Cooking the Books 2: Silly money

We mentioned last month that currency crank ideas flourish in a slump as the problem appears to be a lack of money, as implied by the term “credit crunch”. The government itself seems to accept this view as it thinks that pumping money into the banks will solve the problem. As this is not working (because banks are not going to throw good money after bad by lending to firms they think won’t make enough profit, due to the slump, to be able to share some of it with them as interest) others are coming up with other proposals.

One of these is the Green guru, George Monbiot. In his column in the Guardian (20 January), headed “If the state can’t save us, we need a licence to print our own money”, he endorsed the proposal for local communities to be able to issue their own money.
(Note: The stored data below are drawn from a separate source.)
lemma excess_upper_bound:
  assumes "1 \<le> s" "s \<le> r1+r2+1" "i \<in> {diag_lo s..diag_hi s}"
    and "den_exp s (partner s i) < num_exp s i"
    and "k (m2'+1) = 0" "l (m2''+1) = 0"
  shows "s \<le> m2' + m2'' \<and> max (k m2') (l m2'') \<le> den_exp s (partner s i)"
  using excess_upper_bound_before_min_index[OF assms(1-3) _ assms(4-6)]
    excess_upper_bound_from_min_index[OF assms(1-3) _ assms(4-6)] by blast

lemma PC0_poly_nonzero_if_k1_l1_0: "k 1 * l 1 = 0 \<Longrightarrow> PC0_poly z \<noteq> 0"
proof
  assume z: "k 1 * l 1 = 0" and "PC0_poly z = 0"
  obtain s i t where "s \<in> {1..r1+r2+1}" "i \<in> {diag_lo s..diag_hi s}"
    "t < num_exp s i - den_exp s (partner s i)"
    "z = complex_of_real (shift s - real (den_exp s (partner s i)) - real t)"
    by (rule PC0_poly_eq_0_obtain[OF \<open>PC0_poly z = 0\<close>])
  then show False using no_excess_if_k1_l1_0[of s i] z by auto
qed

lemma PC0_poly_zero_in_interval:
  assumes "PC0_poly z = 0"
    and m1: "\<forall>i\<in>{1..m1'}. k i = k 1" "\<forall>j\<in>{1..m1''}. l j = l 1"
    and m2: "k (m2' + 1) = 0" "l (m2'' + 1) = 0"
  shows "z \<in> complex_of_real ` {d / 2 * real (max m1' m1'') - real (k 1 + l 1) + 1 ..
                              d / 2 * (real (m2' + m2'') - 1) - real (max (k m2') (l m2''))}"
proof -
  obtain s i t where si: "s \<in> {1..r1+r2+1}" "i \<in> {diag_lo s..diag_hi s}"
    and t: "t < num_exp s i - den_exp s (partner s i)"
    and zt: "z = complex_of_real (shift s - real (den_exp s (partner s i)) - real t)"
    by (rule PC0_poly_eq_0_obtain[OF assms(1)])
  have s: "1 \<le> s" "s \<le> r1+r2+1" using si by auto
  have excess: "den_exp s (partner s i) < num_exp s i" using t by simp
  note lb = excess_lower_bound[OF s si(2) excess m1]
  have ub1: "s \<le> m2' + m2''" and ub2: "max (k m2') (l m2'') \<le> den_exp s (partner s i)"
    using excess_upper_bound[OF s si(2) excess m2] by auto
  have "real t + 1 \<le> real (num_exp s i) - real (den_exp s (partner s i))" using t excess by linarith
  moreover have "d / 2 * real (s - 1) \<le> d / 2 * (real (m2' + m2'') - 1)"
    using ub1 s d_pos by (intro mult_left_mono) auto
  moreover have "real (max (k m2') (l m2'')) \<le> real (den_exp s (partner s i))" using ub2 by linarith
  ultimately show ?thesis unfolding zt using lb by (intro imageI) (auto simp: shift_def)
qed
(* A $t$-$(v,k,\lambda)$ design has a zero-sum $2$-flow if and only if it is even.
   Context: A $t$-$(v,k,\lambda)$ design is a pair $(X,\mathcal{B})$ with $|X|=v$ and $\mathcal{B}$ a collection of $k$-subsets of $X$ such that every $t$-subset of $X$ lies in exactly $\lambda$ blocks; let $r$ be the number of blocks containing a given point. A design is $\alpha$-resolvable if $\mathcal{B}$ can be partitioned into classes ($\alpha$-parallel classes) such that each point of $X$ lies in exactly $\alpha$ blocks of each class; the number of classes is then $\rho=r/\alpha$. The design is even if it is $\alpha$-resolvable for some $\alpha$ with $\rho$ even. A zero-sum $2$-flow is a map $f:\mathcal{B}\to\{\pm1\}$ such that $\sum_{B\ni x} f(B)=0$ for every $x\in X$. *)

theory Defs
  imports "HOL-Library.Disjoint_Sets"
begin

text \<open>A block collection is an indexed family B over a finite index set I
(so repeated blocks are allowed).  A t-(v,k,lambda) design on X.\<close>

definition t_design ::
  "nat \<Rightarrow> nat \<Rightarrow> nat \<Rightarrow> nat \<Rightarrow> 'a set \<Rightarrow> 'i set \<Rightarrow> ('i \<Rightarrow> 'a set) \<Rightarrow> bool" where
  "t_design t v k lam X I B \<longleftrightarrow>
     finite X \<and> card X = v \<and> finite I \<and> 1 \<le> t \<and> t \<le> k \<and> k \<le> v \<and>
     (\<forall>i\<in>I. B i \<subseteq> X \<and> card (B i) = k) \<and>
     (\<forall>T. T \<subseteq> X \<and> card T = t \<longrightarrow> card {i\<in>I. T \<subseteq> B i} = lam)"

definition alpha_resolution :: "nat \<Rightarrow> 'a set \<Rightarrow> 'i set \<Rightarrow> ('i \<Rightarrow> 'a set) \<Rightarrow> 'i set set \<Rightarrow> bool" where
  "alpha_resolution \<alpha> X I B P \<longleftrightarrow>
     partition_on I P \<and> (\<forall>C\<in>P. \<forall>x\<in>X. card {i\<in>C. x \<in> B i} = \<alpha>)"

definition alpha_resolvable :: "nat \<Rightarrow> 'a set \<Rightarrow> 'i set \<Rightarrow> ('i \<Rightarrow> 'a set) \<Rightarrow> bool" where
  "alpha_resolvable \<alpha> X I B \<longleftrightarrow> (\<exists>P. alpha_resolution \<alpha> X I B P)"

text \<open>Even: alpha-resolvable for some alpha >= 1 with an even number rho of classes
(rho = r / alpha is the number of classes of the resolution).\<close>

definition even_design :: "'a set \<Rightarrow> 'i set \<Rightarrow> ('i \<Rightarrow> 'a set) \<Rightarrow> bool" where
  "even_design X I B \<longleftrightarrow>
     (\<exists>\<alpha> P. \<alpha> \<ge> 1 \<and> alpha_resolution \<alpha> X I B P \<and> even (card P))"

definition zero_sum_2_flow :: "'a set \<Rightarrow> 'i set \<Rightarrow> ('i \<Rightarrow> 'a set) \<Rightarrow> ('i \<Rightarrow> int) \<Rightarrow> bool" where
  "zero_sum_2_flow X I B f \<longleftrightarrow>
     (\<forall>i\<in>I. f i = 1 \<or> f i = -1) \<and> (\<forall>x\<in>X. (\<Sum>i\<in>{i\<in>I. x \<in> B i}. f i) = 0)"

end

theory Submission
  imports Defs
begin

text \<open>Double counting the pairs (T, block) with T a t-subset through a point x shows that
every point of a t-design lies in the same number r of blocks. Given a zero-sum 2-flow, every
point lies in exactly r/2 blocks of sign +1 and r/2 of sign -1, so the two sign classes form an
(r/2)-resolution with two classes. Conversely, from an \<alpha>-resolution with an even number of
classes give half of the classes sign +1 and the rest sign -1: each point collects \<alpha> from
every class, and these contributions cancel. This direction needs no design hypothesis.\<close>

lemma card_subsets_containing:
  assumes "finite A" "x \<in> A" "t \<ge> 1"
  shows "card {T. T \<subseteq> A \<and> card T = t \<and> x \<in> T} = (card A - 1) choose (t - 1)"
proof -
  have "bij_betw (\<lambda>T. T - {x}) {T. T \<subseteq> A \<and> card T = t \<and> x \<in> T}
          {S. S \<subseteq> A - {x} \<and> card S = t - 1}"
  proof (rule bij_betw_byWitness[where f' = "insert x"])
    show "(\<lambda>T. T - {x}) ` {T. T \<subseteq> A \<and> card T = t \<and> x \<in> T} \<subseteq> {S. S \<subseteq> A - {x} \<and> card S = t - 1}"
      using assms by (auto simp: card_Diff_singleton intro: finite_subset)
    show "insert x ` {S. S \<subseteq> A - {x} \<and> card S = t - 1} \<subseteq> {T. T \<subseteq> A \<and> card T = t \<and> x \<in> T}"
      using assms by (auto simp: finite_subset card_insert_if)
  qed auto
  then have "card {T. T \<subseteq> A \<and> card T = t \<and> x \<in> T} = card {S. S \<subseteq> A - {x} \<and> card S = t - 1}"
    by (rule bij_betw_same_card)
  also have "\<dots> = (card A - 1) choose (t - 1)"
    using assms by (simp add: n_subsets)
  finally show ?thesis .
qed

lemma sum_card_filter_swap:
  assumes "finite A" "finite B"
  shows "(\<Sum>a\<in>A. card {b\<in>B. R a b}) = (\<Sum>b\<in>B. card {a\<in>A. R a b})"
proof -
  have "(\<Sum>a\<in>A. card {b\<in>B. R a b}) = (\<Sum>a\<in>A. \<Sum>b\<in>B. if R a b then 1 else 0)"
    using assms(2) by (simp add: sum.inter_filter[symmetric])
  also have "\<dots> = (\<Sum>b\<in>B. \<Sum>a\<in>A. if R a b then 1 else 0)"
    by (rule sum.swap)
  also have "\<dots> = (\<Sum>b\<in>B. card {a\<in>A. R a b})"
    using assms(1) by (simp add: sum.inter_filter[symmetric])
  finally show ?thesis .
qed

lemma t_design_replication:
  assumes d: "t_design t v k lam X I B" and x: "x \<in> X"
  shows "card {i\<in>I. x \<in> B i} * ((k - 1) choose (t - 1)) = ((v - 1) choose (t - 1)) * lam"
proof -
  from d have fX: "finite X" and cX: "card X = v" and fI: "finite I" and t1: "1 \<le> t"
    and blocks: "\<And>i. i \<in> I \<Longrightarrow> B i \<subseteq> X \<and> card (B i) = k"
    and balanced: "\<And>T. T \<subseteq> X \<Longrightarrow> card T = t \<Longrightarrow> card {i\<in>I. T \<subseteq> B i} = lam"
    unfolding t_design_def by auto
  define S where "S = {T. T \<subseteq> X \<and> card T = t \<and> x \<in> T}"
  have fS: "finite S"
    unfolding S_def using fX by simp
  have blocks_through_T: "card {i\<in>I. T \<subseteq> B i} = lam" if "T \<in> S" for T
    using that balanced unfolding S_def by auto
  have subsets_of_block: "card {T\<in>S. T \<subseteq> B i} = (if x \<in> B i then (k - 1) choose (t - 1) else 0)"
    if i: "i \<in> I" for i
  proof -
    have "{T\<in>S. T \<subseteq> B i} = {T. T \<subseteq> B i \<and> card T = t \<and> x \<in> T}"
      unfolding S_def using blocks[OF i] by auto
    moreover have "finite (B i)"
      using blocks[OF i] fX finite_subset by blast
    ultimately show ?thesis
      using card_subsets_containing[of "B i" x t] blocks[OF i] t1 by auto
  qed
  have "((v - 1) choose (t - 1)) * lam = (\<Sum>T\<in>S. card {i\<in>I. T \<subseteq> B i})"
    using card_subsets_containing[OF fX x t1] cX blocks_through_T by (simp add: S_def)
  also have "\<dots> = (\<Sum>i\<in>I. card {T\<in>S. T \<subseteq> B i})"
    using fS fI by (rule sum_card_filter_swap)
  also have "\<dots> = (\<Sum>i\<in>I. if x \<in> B i then (k - 1) choose (t - 1) else 0)"
    using subsets_of_block by simp
  also have "\<dots> = card {i\<in>I. x \<in> B i} * ((k - 1) choose (t - 1))"
    using fI by (simp add: sum.inter_filter[symmetric])
  finally show ?thesis ..
qed

lemma t_design_replication_const:
  assumes d: "t_design t v k lam X I B" and "x \<in> X" "y \<in> X"
  shows "card {i\<in>I. x \<in> B i} = card {i\<in>I. y \<in> B i}"
proof -
  have "(k - 1) choose (t - 1) \<noteq> 0"
    using d unfolding t_design_def by auto
  then show ?thesis
    using t_design_replication[OF d \<open>x \<in> X\<close>] t_design_replication[OF d \<open>y \<in> X\<close>]
    by (metis mult_right_cancel)
qed

lemma t_design_regular:
  assumes d: "t_design t v k lam X I B" and "I \<noteq> {}"
  obtains r where "X \<noteq> {}" "0 < r" "\<forall>x\<in>X. card {i\<in>I. x \<in> B i} = r"
proof -
  from d have fI: "finite I" and blocks: "\<And>i. i \<in> I \<Longrightarrow> B i \<subseteq> X \<and> card (B i) = k"
    and "1 \<le> k"
    unfolding t_design_def by auto
  obtain i0 where i0: "i0 \<in> I"
    using \<open>I \<noteq> {}\<close> by blast
  then have "B i0 \<noteq> {}"
    using blocks \<open>1 \<le> k\<close> by force
  then obtain x0 where x0: "x0 \<in> B i0"
    by blast
  then have "x0 \<in> X"
    using blocks[OF i0] by blast
  moreover have "0 < card {i\<in>I. x0 \<in> B i}"
    using fI i0 x0 by (auto simp: card_gt_0_iff)
  ultimately show ?thesis
    using that t_design_replication_const[OF d _ \<open>x0 \<in> X\<close>] by blast
qed

lemma card_signs_of_zero_sum:
  fixes f :: "'i \<Rightarrow> int"
  assumes "finite A" "\<forall>i\<in>A. f i = 1 \<or> f i = -1" "sum f A = 0"
  shows "2 * card {i\<in>A. f i = 1} = card A" and "2 * card {i\<in>A. f i = -1} = card A"
proof -
  let ?P = "{i\<in>A. f i = 1}" and ?M = "{i\<in>A. f i = -1}"
  have A: "A = ?P \<union> ?M" and disj: "?P \<inter> ?M = {}"
    using assms(2) by auto
  have "sum f (?P \<union> ?M) = sum f ?P + sum f ?M"
    using assms(1) by (intro sum.union_disjoint) auto
  also have "\<dots> = int (card ?P) - int (card ?M)"
    by simp
  finally have "card ?P = card ?M"
    using assms(3) A by simp
  moreover have "card (?P \<union> ?M) = card ?P + card ?M"
    using assms(1) by (intro card_Un_disjoint) auto
  ultimately show "2 * card ?P = card A" and "2 * card ?M = card A"
    using A by simp_all
qed

lemma even_design_no_blocks: "even_design X {} B"
proof -
  have "alpha_resolution 1 X {} B {}"
    unfolding alpha_resolution_def by (simp add: partition_on_empty)
  then show ?thesis
    unfolding even_design_def by fastforce
qed

lemma regular_zero_sum_2_flow_imp_even:
  assumes "finite I" and flow: "zero_sum_2_flow X I B f"
    and "X \<noteq> {}" "0 < r" and regular: "\<forall>x\<in>X. card {i\<in>I. x \<in> B i} = r"
  shows "even_design X I B"
proof -
  define Ip where "Ip = {i\<in>I. f i = 1}"
  define Im where "Im = {i\<in>I. f i = -1}"
  from flow have signs: "\<forall>i\<in>I. f i = 1 \<or> f i = -1"
    and zero: "\<And>x. x \<in> X \<Longrightarrow> (\<Sum>i\<in>{i\<in>I. x \<in> B i}. f i) = 0"
    unfolding zero_sum_2_flow_def by auto
  have halves: "2 * card {i\<in>Ip. x \<in> B i} = r \<and> 2 * card {i\<in>Im. x \<in> B i} = r" if x: "x \<in> X" for x
  proof -
    have "{i\<in>Ip. x \<in> B i} = {i\<in>{i\<in>I. x \<in> B i}. f i = 1}"
      "{i\<in>Im. x \<in> B i} = {i\<in>{i\<in>I. x \<in> B i}. f i = -1}"
      unfolding Ip_def Im_def by auto
    then show ?thesis
      using card_signs_of_zero_sum[of "{i\<in>I. x \<in> B i}" f] \<open>finite I\<close> signs zero[OF x]
        regular x by auto
  qed
  obtain x0 where "x0 \<in> X"
    using \<open>X \<noteq> {}\<close> by blast
  then have "r div 2 \<ge> 1" "Ip \<noteq> {}" "Im \<noteq> {}"
    using halves[of x0] \<open>0 < r\<close> by auto
  moreover have "Ip \<inter> Im = {}" "Ip \<union> Im = I"
    using signs unfolding Ip_def Im_def by auto
  ultimately have "partition_on I {Ip, Im}" and "card {Ip, Im} = 2"
    by (auto intro!: partition_onI simp: disjnt_def card_insert_if)
  moreover have "\<forall>C\<in>{Ip, Im}. \<forall>x\<in>X. card {i\<in>C. x \<in> B i} = r div 2"
    using halves by fastforce
  ultimately show ?thesis
    unfolding even_design_def alpha_resolution_def
    using \<open>r div 2 \<ge> 1\<close> by (metis even_numeral)
qed

lemma partition_on_mem_Union_iff:
  assumes "partition_on I P" "Q \<subseteq> P" "C \<in> P" "i \<in> C"
  shows "i \<in> \<Union>Q \<longleftrightarrow> C \<in> Q"
proof
  assume "i \<in> \<Union>Q"
  then obtain C' where "C' \<in> Q" "i \<in> C'"
    by blast
  then have "C' = C"
    using partition_onD2[OF assms(1)] assms(2-4) by (meson disjointD disjoint_iff subsetD)
  with \<open>C' \<in> Q\<close> show "C \<in> Q"
    by simp
qed (use assms(4) in blast)

lemma even_design_imp_zero_sum_2_flow:
  assumes "finite I" and "even_design X I B"
  shows "\<exists>f. zero_sum_2_flow X I B f"
proof -
  from assms(2) obtain \<alpha> P where part: "partition_on I P"
    and resolution: "\<And>C x. C \<in> P \<Longrightarrow> x \<in> X \<Longrightarrow> card {i\<in>C. x \<in> B i} = \<alpha>"
    and "even (card P)"
    unfolding even_design_def alpha_resolution_def by blast
  have "finite P"
    using finite_elements[OF \<open>finite I\<close> part] .
  obtain Q where "Q \<subseteq> P" and card_Q: "card Q = card P div 2"
    using obtain_subset_with_card_n[of "card P div 2" P] by auto
  have card_P_Q: "card (P - Q) = card Q"
    using card_Diff_subset[OF finite_subset[OF \<open>Q \<subseteq> P\<close> \<open>finite P\<close>] \<open>Q \<subseteq> P\<close>] card_Q
      \<open>even (card P)\<close> by auto
  define f where "f i = (if i \<in> \<Union>Q then 1 else (-1::int))" for i
  have class_sum: "(\<Sum>i\<in>{i\<in>C. x \<in> B i}. f i) = (if C \<in> Q then int \<alpha> else - int \<alpha>)"
    if "C \<in> P" "x \<in> X" for C x
  proof -
    have "(\<Sum>i\<in>{i\<in>C. x \<in> B i}. f i) = (\<Sum>i\<in>{i\<in>C. x \<in> B i}. if C \<in> Q then 1 else -1)"
      using partition_on_mem_Union_iff[OF part \<open>Q \<subseteq> P\<close> \<open>C \<in> P\<close>] by (auto simp: f_def)
    then show ?thesis
      using resolution[OF that] by simp
  qed
  have "(\<Sum>i\<in>{i\<in>I. x \<in> B i}. f i) = 0" if "x \<in> X" for x
  proof -
    have "(\<Sum>i\<in>{i\<in>I. x \<in> B i}. f i) = (\<Sum>i\<in>I. if x \<in> B i then f i else 0)"
      using \<open>finite I\<close> by (rule sum.inter_filter)
    also have "\<dots> = (\<Sum>C\<in>P. \<Sum>i\<in>C. if x \<in> B i then f i else 0)"
      using \<open>finite I\<close> part by (rule sum.partition)
    also have "\<dots> = (\<Sum>C\<in>P. if C \<in> Q then int \<alpha> else - int \<alpha>)"
    proof (rule sum.cong[OF refl])
      fix C assume "C \<in> P"
      then have "finite C"
        using partition_onD1[OF part] \<open>finite I\<close> by (metis Union_upper finite_subset)
      then show "(\<Sum>i\<in>C. if x \<in> B i then f i else 0) = (if C \<in> Q then int \<alpha> else - int \<alpha>)"
        using class_sum[OF \<open>C \<in> P\<close> that] by (simp add: sum.inter_filter)
    qed
    also have "\<dots> = int \<alpha> * int (card Q) - int \<alpha> * int (card (P - Q))"
      using \<open>finite P\<close> \<open>Q \<subseteq> P\<close> by (simp add: sum.If_cases Int_absorb1 Diff_eq)
    finally show ?thesis
      using card_P_Q by simp
  qed
  moreover have "\<forall>i\<in>I. f i = 1 \<or> f i = -1"
    by (simp add: f_def)
  ultimately have "zero_sum_2_flow X I B f"
    unfolding zero_sum_2_flow_def by blast
  then show ?thesis
    by blast
qed

lemma t_design_zero_sum_2_flow_imp_even:
  assumes d: "t_design t v k lam X I B" and flow: "zero_sum_2_flow X I B f"
  shows "even_design X I B"
proof (cases "I = {}")
  case True
  then show ?thesis
    using even_design_no_blocks by simp
next
  case False
  then obtain r where "X \<noteq> {}" "0 < r" "\<forall>x\<in>X. card {i\<in>I. x \<in> B i} = r"
    using t_design_regular[OF d] by blast
  moreover have "finite I"
    using d unfolding t_design_def by simp
  ultimately show ?thesis
    using regular_zero_sum_2_flow_imp_even flow by blast
qed

theorem mainTheorem11:
  fixes X :: "'a set" and I :: "'i set" and B :: "'i \<Rightarrow> 'a set"
    and t v k lam :: nat
  assumes "t_design t v k lam X I B"
  shows "(\<exists>f. zero_sum_2_flow X I B f) \<longleftrightarrow> even_design X I B"
proof -
  have "finite I"
    using assms unfolding t_design_def by simp
  then show ?thesis
    using t_design_zero_sum_2_flow_imp_even[OF assms] even_design_imp_zero_sum_2_flow by blast
qed

end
He mentions various historical examples from Germany, Austria and Switzerland (he was discussing a book on money by a German author that he had just read). All these happened to be linked to the ideas of the German currency crank, Silvio Gesell, mentioned in this column last month, whose pet theory was that money should lose its value if it wasn’t spent within a give time period. But they don’t have to be.

Monbiot makes the following claim for local currencies :

“We need not wait for the government or the central bank to save us: we can set this system up ourselves. It costs taxpayers nothing. It bypasses the greedy banks. It recharges local economies and gives local businesses an advantage over multinationals”.

Last September one such scheme came into operation in Lewes, Sussex. A “Lewes Pound” was issued and started circulating. But it seems more a scheme to get people to use local shops than an alternative, local, “green”, way of encouraging people to spend the way out of the crisis. As the organisers themselves say on their site (www.thelewespound.org/):

“t is easiest to think of it as a gift voucher or a book token: A Lewes Pound is a voucher worth 1 pound that can only be redeemed at locally owned participating stores.”

The Lewes Pounds get into circulation by people buying them for ordinary pounds and  are convertible back into pounds on demand. In answer to the question “What happens to the sterling pounds that are taken when people buy Lewes Pounds?” the organisers explain: “All Sterling pounds are held in a safe deposit box with a local bank, so that we can access them at any time should people wish to trade their Lewes Pounds back into Sterling”. They go on to say that this means that the introduction of Lewes Pounds won’t have an inflationary effect “as there is no additional currency added to the total pool because for each Lewes Pound that is brought into circulation a Pound Sterling is taken out of circulation.” In that case, then, it’s not an alternative way of pumping more money into the economy for people to spend a way out of the crisis.

The organisers themselves don’t make the wild claims for local currencies that Monbiot does. In fact they are surprisingly honest. In answer to the question “Isn’t it just silly money? Lewes Pounds aren’t going to make a difference” they reply “initially, it won’t make a difference from an economic perspective, as the number of Lewes Pound released is minimal compared to the size of the Lewes economy”.

That in fact is the whole point. All such schemes are only ever going to be marginal compared with the total amount of local buying and selling, debt settling and tax paying transactions. They are not going to make any difference in a depression. Their aim is essentially, as Monbiot puts it, to “give local businesses an advantage over multinationals”. Another inter-capitalist dispute not to get involved in, then.